* _WHAT YOU ARE ASKED TO DO_: Keyword search on "ultimately": report each line of the records that contains it.

--------

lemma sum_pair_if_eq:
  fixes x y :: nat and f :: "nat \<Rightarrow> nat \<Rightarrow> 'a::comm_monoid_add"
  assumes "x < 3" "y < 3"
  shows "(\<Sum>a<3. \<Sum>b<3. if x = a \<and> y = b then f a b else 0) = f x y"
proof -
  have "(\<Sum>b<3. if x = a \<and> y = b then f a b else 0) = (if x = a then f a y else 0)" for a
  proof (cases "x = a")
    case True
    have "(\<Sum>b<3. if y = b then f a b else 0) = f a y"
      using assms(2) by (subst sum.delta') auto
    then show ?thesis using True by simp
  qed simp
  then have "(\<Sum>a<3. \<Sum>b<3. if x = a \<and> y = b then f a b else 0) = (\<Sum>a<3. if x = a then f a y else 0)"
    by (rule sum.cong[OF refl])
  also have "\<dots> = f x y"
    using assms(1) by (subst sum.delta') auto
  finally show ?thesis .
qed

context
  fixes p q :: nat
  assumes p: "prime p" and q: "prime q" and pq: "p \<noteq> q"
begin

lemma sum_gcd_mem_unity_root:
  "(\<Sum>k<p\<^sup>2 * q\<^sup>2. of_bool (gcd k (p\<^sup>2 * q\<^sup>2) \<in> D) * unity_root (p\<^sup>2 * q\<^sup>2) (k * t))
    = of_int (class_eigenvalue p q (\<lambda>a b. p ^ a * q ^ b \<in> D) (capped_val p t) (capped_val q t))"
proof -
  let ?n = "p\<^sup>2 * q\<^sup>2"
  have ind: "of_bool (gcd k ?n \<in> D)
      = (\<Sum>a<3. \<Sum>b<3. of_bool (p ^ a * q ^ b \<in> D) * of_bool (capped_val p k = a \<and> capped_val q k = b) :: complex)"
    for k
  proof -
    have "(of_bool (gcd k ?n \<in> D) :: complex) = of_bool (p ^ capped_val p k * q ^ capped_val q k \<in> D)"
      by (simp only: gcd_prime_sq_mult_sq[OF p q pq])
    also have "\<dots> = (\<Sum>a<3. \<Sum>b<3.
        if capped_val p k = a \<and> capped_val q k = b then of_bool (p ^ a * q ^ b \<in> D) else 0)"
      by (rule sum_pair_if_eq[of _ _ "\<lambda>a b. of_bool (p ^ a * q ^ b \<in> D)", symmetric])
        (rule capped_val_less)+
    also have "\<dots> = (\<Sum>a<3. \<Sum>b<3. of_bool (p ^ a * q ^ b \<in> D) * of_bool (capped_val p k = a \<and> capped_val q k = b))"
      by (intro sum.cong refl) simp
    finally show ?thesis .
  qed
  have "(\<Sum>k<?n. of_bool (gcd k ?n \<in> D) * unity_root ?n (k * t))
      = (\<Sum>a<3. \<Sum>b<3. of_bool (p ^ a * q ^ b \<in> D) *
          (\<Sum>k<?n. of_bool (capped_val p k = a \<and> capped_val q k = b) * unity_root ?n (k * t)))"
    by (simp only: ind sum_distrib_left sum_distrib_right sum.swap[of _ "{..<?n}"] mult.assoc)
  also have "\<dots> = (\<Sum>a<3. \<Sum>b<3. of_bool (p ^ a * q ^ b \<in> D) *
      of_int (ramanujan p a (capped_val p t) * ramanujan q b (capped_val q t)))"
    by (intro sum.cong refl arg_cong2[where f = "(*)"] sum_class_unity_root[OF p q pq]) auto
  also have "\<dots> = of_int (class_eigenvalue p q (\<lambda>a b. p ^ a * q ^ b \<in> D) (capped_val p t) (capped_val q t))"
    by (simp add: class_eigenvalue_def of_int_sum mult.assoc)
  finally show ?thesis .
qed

--------

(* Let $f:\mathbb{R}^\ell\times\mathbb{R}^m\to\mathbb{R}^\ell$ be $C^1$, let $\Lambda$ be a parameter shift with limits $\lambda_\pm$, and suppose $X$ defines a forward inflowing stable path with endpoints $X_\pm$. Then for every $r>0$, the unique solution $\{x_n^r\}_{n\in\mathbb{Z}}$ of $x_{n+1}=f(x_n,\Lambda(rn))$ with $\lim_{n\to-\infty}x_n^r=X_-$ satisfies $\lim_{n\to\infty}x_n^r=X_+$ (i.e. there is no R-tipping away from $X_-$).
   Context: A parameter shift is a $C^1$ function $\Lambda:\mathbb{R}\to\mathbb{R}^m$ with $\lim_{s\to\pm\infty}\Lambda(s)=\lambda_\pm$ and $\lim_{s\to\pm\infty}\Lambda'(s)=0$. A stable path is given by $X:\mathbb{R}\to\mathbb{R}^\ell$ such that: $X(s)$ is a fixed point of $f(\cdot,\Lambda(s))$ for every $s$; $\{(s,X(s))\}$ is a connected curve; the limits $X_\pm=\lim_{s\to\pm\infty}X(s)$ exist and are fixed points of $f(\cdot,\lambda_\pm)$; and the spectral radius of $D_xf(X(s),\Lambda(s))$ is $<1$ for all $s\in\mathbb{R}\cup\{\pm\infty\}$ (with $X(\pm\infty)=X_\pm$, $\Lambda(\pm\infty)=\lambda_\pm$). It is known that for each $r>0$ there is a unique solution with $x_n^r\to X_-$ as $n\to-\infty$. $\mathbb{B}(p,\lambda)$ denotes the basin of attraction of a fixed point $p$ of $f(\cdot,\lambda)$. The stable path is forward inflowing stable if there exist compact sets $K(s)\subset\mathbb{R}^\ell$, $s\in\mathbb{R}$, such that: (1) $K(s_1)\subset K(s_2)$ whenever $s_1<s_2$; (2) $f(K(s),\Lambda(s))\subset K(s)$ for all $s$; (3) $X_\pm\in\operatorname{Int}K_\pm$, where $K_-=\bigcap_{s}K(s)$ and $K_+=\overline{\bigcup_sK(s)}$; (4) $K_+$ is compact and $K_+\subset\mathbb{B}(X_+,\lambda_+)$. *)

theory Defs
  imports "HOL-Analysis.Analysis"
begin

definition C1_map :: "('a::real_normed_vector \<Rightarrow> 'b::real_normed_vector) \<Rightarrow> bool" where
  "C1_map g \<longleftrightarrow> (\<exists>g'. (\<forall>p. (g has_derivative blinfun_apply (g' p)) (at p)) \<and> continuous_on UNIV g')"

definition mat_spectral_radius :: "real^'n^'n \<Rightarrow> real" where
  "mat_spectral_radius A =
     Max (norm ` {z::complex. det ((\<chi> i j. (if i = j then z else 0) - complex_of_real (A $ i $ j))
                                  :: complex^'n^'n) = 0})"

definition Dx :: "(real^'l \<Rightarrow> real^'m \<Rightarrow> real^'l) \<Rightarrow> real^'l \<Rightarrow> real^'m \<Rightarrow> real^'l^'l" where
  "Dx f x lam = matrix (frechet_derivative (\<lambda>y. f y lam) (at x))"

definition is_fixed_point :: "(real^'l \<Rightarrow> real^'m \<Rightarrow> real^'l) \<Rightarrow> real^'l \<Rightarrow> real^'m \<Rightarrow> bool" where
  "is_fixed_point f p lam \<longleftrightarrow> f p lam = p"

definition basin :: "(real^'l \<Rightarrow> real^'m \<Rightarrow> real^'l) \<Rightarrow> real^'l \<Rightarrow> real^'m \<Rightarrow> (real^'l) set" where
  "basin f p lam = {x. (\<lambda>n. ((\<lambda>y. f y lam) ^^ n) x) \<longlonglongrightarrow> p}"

--------

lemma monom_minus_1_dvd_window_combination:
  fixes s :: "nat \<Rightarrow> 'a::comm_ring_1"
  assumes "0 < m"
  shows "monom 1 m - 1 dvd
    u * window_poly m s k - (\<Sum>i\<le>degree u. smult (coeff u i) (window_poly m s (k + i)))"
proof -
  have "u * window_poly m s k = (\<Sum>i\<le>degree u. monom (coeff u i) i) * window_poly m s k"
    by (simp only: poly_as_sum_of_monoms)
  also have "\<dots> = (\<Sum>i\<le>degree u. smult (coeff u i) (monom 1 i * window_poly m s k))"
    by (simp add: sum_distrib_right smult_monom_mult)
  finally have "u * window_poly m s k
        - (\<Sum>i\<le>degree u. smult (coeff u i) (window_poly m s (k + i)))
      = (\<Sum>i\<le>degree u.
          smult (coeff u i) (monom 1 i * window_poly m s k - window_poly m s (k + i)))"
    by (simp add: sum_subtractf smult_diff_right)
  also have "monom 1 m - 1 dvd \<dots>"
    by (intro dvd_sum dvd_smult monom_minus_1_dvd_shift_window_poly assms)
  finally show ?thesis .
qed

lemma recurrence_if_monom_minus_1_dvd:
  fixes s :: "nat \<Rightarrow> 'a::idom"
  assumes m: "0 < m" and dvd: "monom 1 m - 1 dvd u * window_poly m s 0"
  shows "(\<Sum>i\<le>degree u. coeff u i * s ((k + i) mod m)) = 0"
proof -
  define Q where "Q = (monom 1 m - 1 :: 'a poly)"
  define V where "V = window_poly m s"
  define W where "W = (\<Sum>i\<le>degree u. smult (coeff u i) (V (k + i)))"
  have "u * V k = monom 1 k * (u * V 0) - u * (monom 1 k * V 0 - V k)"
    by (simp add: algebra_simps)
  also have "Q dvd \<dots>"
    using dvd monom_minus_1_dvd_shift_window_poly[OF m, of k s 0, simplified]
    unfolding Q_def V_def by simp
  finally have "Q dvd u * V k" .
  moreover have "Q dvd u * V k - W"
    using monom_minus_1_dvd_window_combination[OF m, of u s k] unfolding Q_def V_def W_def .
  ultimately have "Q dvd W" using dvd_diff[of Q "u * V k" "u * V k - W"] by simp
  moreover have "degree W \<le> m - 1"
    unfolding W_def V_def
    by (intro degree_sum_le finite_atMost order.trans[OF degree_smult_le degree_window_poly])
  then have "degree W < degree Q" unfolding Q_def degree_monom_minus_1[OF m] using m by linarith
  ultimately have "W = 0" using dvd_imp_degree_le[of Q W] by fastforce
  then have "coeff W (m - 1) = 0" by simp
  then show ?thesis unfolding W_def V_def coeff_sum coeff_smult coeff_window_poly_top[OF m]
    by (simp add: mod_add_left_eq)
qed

--------

* _WRITTEN RESPONSE_:
  ultimately have "Q dvd W" using dvd_diff[of Q "u * V k" "u * V k - W"] by simp
  ultimately have "W = 0" using dvd_imp_degree_le[of Q W] by fastforce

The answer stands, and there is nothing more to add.